### Task data
──────────
lemma test_vector_eq_0_below: "i < ramp_start m \<Longrightarrow> test_vector m i = 0"
proof -
  have "ramp_start m \<le> 2^(m+1)" unfolding ramp_start_def by simp
  then show "i < ramp_start m \<Longrightarrow> test_vector m i = 0" unfolding test_vector_def by auto
qed

lemma partial_sum_test_vector_below: "j < ramp_start m \<Longrightarrow> (\<Sum>i\<le>j. test_vector m i) = 0"
  by (rule sum.neutral) (auto intro!: test_vector_eq_0_below)

lemma partial_sum_test_vector_block:
  assumes "2^m \<le> j" "j < 2^(m+1)"
  shows "(\<Sum>i\<le>j. test_vector m i) = 1"
proof -
  have "{i\<in>{..j}. ramp_start m \<le> i \<and> i < 2^m} = {ramp_start m..<2^m}"
       "{i\<in>{..j}. 2^(m+1) \<le> i \<and> i < (2::nat)^(m+2)} = {}"
    using assms by auto
  then have "(\<Sum>i\<le>j. test_vector m i) = of_nat (ramp_length m) * (1 / of_nat (ramp_length m))"
    unfolding test_vector_def sum.distrib
    by (simp only: sum_if_const_0 finite_atMost) (simp add: ramp_length_def)
  then show ?thesis using ramp_length_pos[of m] by simp
qed

lemma partial_sum_test_vector_above:
  assumes "2^(m+2) \<le> j"
  shows "(\<Sum>i\<le>j. test_vector m i) = 0"
proof -
  have "(2::nat)^m \<le> 2^(m+2)" by (simp add: power_increasing)
  then have "{i\<in>{..j}. ramp_start m \<le> i \<and> i < 2^m} = {ramp_start m..<2^m}"
       "{i\<in>{..j}. 2^(m+1) \<le> i \<and> i < (2::nat)^(m+2)} = {2^(m+1)..<2^(m+2)}"
    using assms by auto
  moreover have "card {(2::nat)^(m+1)..<2^(m+2)} = 2^(m+1)" by simp
  ultimately have "(\<Sum>i\<le>j. test_vector m i)
      = of_nat (ramp_length m) * (1 / of_nat (ramp_length m)) + of_nat (2^(m+1)) * (-1 / 2^(m+1))"
    unfolding test_vector_def sum.distrib
    by (simp only: sum_if_const_0 finite_atMost) (simp add: ramp_length_def)
  then show ?thesis using ramp_length_pos[of m] by simp
qed
(* Let $j$ and $k$ be natural numbers, let $\nu$ be a non-zero real number, and let $q:\mathbb{R}^n\to\mathbb{R}$ be a polynomial with highest total degree $|\beta|$. Set $\lambda = \left\lceil \frac{|\beta|-1}{2j}\right\rceil$. Then $$Q(\mathbf{x}) = \sum_{p=0}^{\lambda} (-1)^p \binom{k+p-1}{p} \nu^{-p-k}\, \Delta^{jp} q(\mathbf{x})$$ satisfies $(\Delta^j + \nu)^k Q(\mathbf{x}) = q(\mathbf{x})$, where $\Delta=\sum_{i=1}^n\partial_{x_i}^2$.
   Context: $\lceil h\rceil$ is the least integer $\ge h$; $\Delta^{r}$ denotes $r$-fold application of the Laplacian, with $\Delta^0$ the identity. *)

theory Defs
  imports "HOL-Analysis.Analysis"
begin

text \<open>Points of R^n are modelled as vectors of type real^'n, for an arbitrary finite index type 'n.
  Multi-indices are functions 'n => nat.\<close>

definition monomial_fun :: "('n::finite \<Rightarrow> nat) \<Rightarrow> real^'n \<Rightarrow> real" where
  "monomial_fun \<alpha> x = (\<Prod>i\<in>UNIV. (x $ i) ^ (\<alpha> i))"

definition total_deg :: "('n::finite \<Rightarrow> nat) \<Rightarrow> nat" where
  "total_deg \<alpha> = (\<Sum>i\<in>UNIV. \<alpha> i)"

definition poly_fun_of_degree :: "(real^'n::finite \<Rightarrow> real) \<Rightarrow> nat \<Rightarrow> bool" where
  "poly_fun_of_degree q b \<longleftrightarrow>
     (\<exists>A c. finite A \<and> (\<forall>\<alpha>\<in>A. c \<alpha> \<noteq> (0::real)) \<and>
        (\<forall>x. q x = (\<Sum>\<alpha>\<in>A. c \<alpha> * monomial_fun \<alpha> x)) \<and>
        (\<forall>\<alpha>\<in>A. total_deg \<alpha> \<le> b) \<and> (\<exists>\<alpha>\<in>A. total_deg \<alpha> = b))"

definition partial_deriv :: "'n::finite \<Rightarrow> (real^'n \<Rightarrow> real) \<Rightarrow> real^'n \<Rightarrow> real" where
  "partial_deriv i f x = deriv (\<lambda>t. f (x + t *\<^sub>R axis i 1)) 0"

definition laplacian :: "(real^'n::finite \<Rightarrow> real) \<Rightarrow> real^'n \<Rightarrow> real" where
  "laplacian f x = (\<Sum>i\<in>UNIV. partial_deriv i (partial_deriv i f) x)"

end

theory Submission
  imports Defs
begin

text \<open>On polynomials the operator \<open>L = \<Delta>\<^sup>j\<close> is linear, and it is nilpotent on \<open>q\<close>: every
  Laplacian lowers the degree by two, so \<open>L\<^bsup>\<lambda>+1\<^esup> q = 0\<close> as soon as \<open>2j(\<lambda>+1) > |\<beta>|\<close>.
  Hence \<open>(L + \<nu>)\<^sup>-\<^sup>k q\<close> is given by the binomial series of \<open>\<nu>\<^sup>-\<^sup>k (1 + L/\<nu>)\<^sup>-\<^sup>k\<close>, truncated
  after the term \<open>L\<^sup>\<lambda>\<close>. Writing \<open>Q\<^sub>k\<close> for this truncated series, one checks \<open>(L + \<nu>) Q\<^sub>k\<^sub>+\<^sub>1 = Q\<^sub>k\<close>
  coefficientwise by Pascal's rule, and \<open>Q\<^sub>0 = q\<close>.\<close>

section \<open>Polynomial functions and the Laplacian\<close>

inductive poly_fun_deg_less :: "nat \<Rightarrow> (real^'n::finite \<Rightarrow> real) \<Rightarrow> bool" for d where
  zero: "poly_fun_deg_less d (\<lambda>x. 0)"
| monomial: "total_deg \<alpha> < d \<Longrightarrow> poly_fun_deg_less d (\<lambda>x. c * monomial_fun \<alpha> x)"
| add: "poly_fun_deg_less d f \<Longrightarrow> poly_fun_deg_less d g \<Longrightarrow> poly_fun_deg_less d (\<lambda>x. f x + g x)"

lemma poly_fun_deg_less_mono:
  "poly_fun_deg_less d f \<Longrightarrow> d \<le> d' \<Longrightarrow> poly_fun_deg_less d' f"
  by (induction rule: poly_fun_deg_less.induct) (auto intro: poly_fun_deg_less.intros)

lemma poly_fun_deg_less_0: "poly_fun_deg_less 0 f \<Longrightarrow> f = (\<lambda>x. 0)"
  by (induction rule: poly_fun_deg_less.induct) auto

lemma poly_fun_deg_less_sum:
  assumes "finite A" "\<And>a. a \<in> A \<Longrightarrow> poly_fun_deg_less d (f a)"
  shows "poly_fun_deg_less d (\<lambda>x. \<Sum>a\<in>A. f a x)"
  using assms by (induction A rule: finite_induct) (auto intro: poly_fun_deg_less.intros)

lemma poly_fun_deg_less_of_degree:
  assumes "poly_fun_of_degree q b"
  shows "poly_fun_deg_less (Suc b) q"
proof -
  obtain A c where "finite A" and q: "\<And>x. q x = (\<Sum>\<alpha>\<in>A. c \<alpha> * monomial_fun \<alpha> x)"
    and deg: "\<forall>\<alpha>\<in>A. total_deg \<alpha> \<le> b"
    using assms unfolding poly_fun_of_degree_def by blast
  have "poly_fun_deg_less (Suc b) (\<lambda>x. \<Sum>\<alpha>\<in>A. c \<alpha> * monomial_fun \<alpha> x)"
    using \<open>finite A\<close> deg by (intro poly_fun_deg_less_sum poly_fun_deg_less.monomial) auto
  moreover have "q = (\<lambda>x. \<Sum>\<alpha>\<in>A. c \<alpha> * monomial_fun \<alpha> x)"
    using q by (rule ext)
  ultimately show ?thesis by simp
qed

lemma total_deg_fun_upd: "total_deg (\<alpha>(i := m)) + \<alpha> i = total_deg \<alpha> + m"
proof -
  have "(\<Sum>l\<in>UNIV-{i}. (\<alpha>(i := m)) l) = (\<Sum>l\<in>UNIV-{i}. \<alpha> l)"
    by (intro sum.cong) auto
  then show ?thesis
    unfolding total_deg_def by (subst (1 2) sum.remove[of UNIV i]) auto
qed

lemma monomial_fun_add_axis:
  "monomial_fun \<alpha> (x + t *\<^sub>R axis i 1) = (\<Prod>l\<in>UNIV-{i}. (x$l)^\<alpha> l) * (x$i + t)^(\<alpha> i)"
proof -
  have "monomial_fun \<alpha> (x + t *\<^sub>R axis i 1) = (\<Prod>l\<in>UNIV. (x$l + (if l = i then t else 0))^\<alpha> l)"
    unfolding monomial_fun_def by (intro prod.cong) (auto simp: axis_def)
  also have "\<dots> = (x$i + t)^(\<alpha> i) * (\<Prod>l\<in>UNIV-{i}. (x$l + (if l = i then t else 0))^\<alpha> l)"
    by (subst prod.remove[of UNIV i]) auto
  also have "(\<Prod>l\<in>UNIV-{i}. (x$l + (if l = i then t else 0))^\<alpha> l) = (\<Prod>l\<in>UNIV-{i}. (x$l)^\<alpha> l)"
    by (intro prod.cong) auto
  finally show ?thesis by simp
qed

lemma monomial_fun_upd:
  "monomial_fun (\<alpha>(i:=m)) x = (\<Prod>l\<in>UNIV-{i}. (x$l)^\<alpha> l) * (x$i)^m"
proof -
  have "monomial_fun (\<alpha>(i:=m)) x = (x$i)^m * (\<Prod>l\<in>UNIV-{i}. (x$l)^((\<alpha>(i:=m)) l))"
    unfolding monomial_fun_def by (subst prod.remove[of UNIV i]) auto
  also have "(\<Prod>l\<in>UNIV-{i}. (x$l)^((\<alpha>(i:=m)) l)) = (\<Prod>l\<in>UNIV-{i}. (x$l)^\<alpha> l)"
    by (intro prod.cong) auto
  finally show ?thesis by (simp only: mult.commute)
qed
──────────
### Exercise brief
With the first line being the one containing "x = (\<Sum>i\<in>UNIV." and the last line the one containing "section \<open>Polynomial functions", transcribe exactly the lines above that fall in that range.

### Answer for the task
  "laplacian f x = (\<Sum>i\<in>UNIV. partial_deriv i (partial_deriv i f) x)"

end

theory Submission
  imports Defs
begin

text \<open>On polynomials the operator \<open>L = \<Delta>\<^sup>j\<close> is linear, and it is nilpotent on \<open>q\<close>: every
  Laplacian lowers the degree by two, so \<open>L\<^bsup>\<lambda>+1\<^esup> q = 0\<close> as soon as \<open>2j(\<lambda>+1) > |\<beta>|\<close>.
  Hence \<open>(L + \<nu>)\<^sup>-\<^sup>k q\<close> is given by the binomial series of \<open>\<nu>\<^sup>-\<^sup>k (1 + L/\<nu>)\<^sup>-\<^sup>k\<close>, truncated
  after the term \<open>L\<^sup>\<lambda>\<close>. Writing \<open>Q\<^sub>k\<close> for this truncated series, one checks \<open>(L + \<nu>) Q\<^sub>k\<^sub>+\<^sub>1 = Q\<^sub>k\<close>
  coefficientwise by Pascal's rule, and \<open>Q\<^sub>0 = q\<close>.\<close>

section \<open>Polynomial functions and the Laplacian\<close>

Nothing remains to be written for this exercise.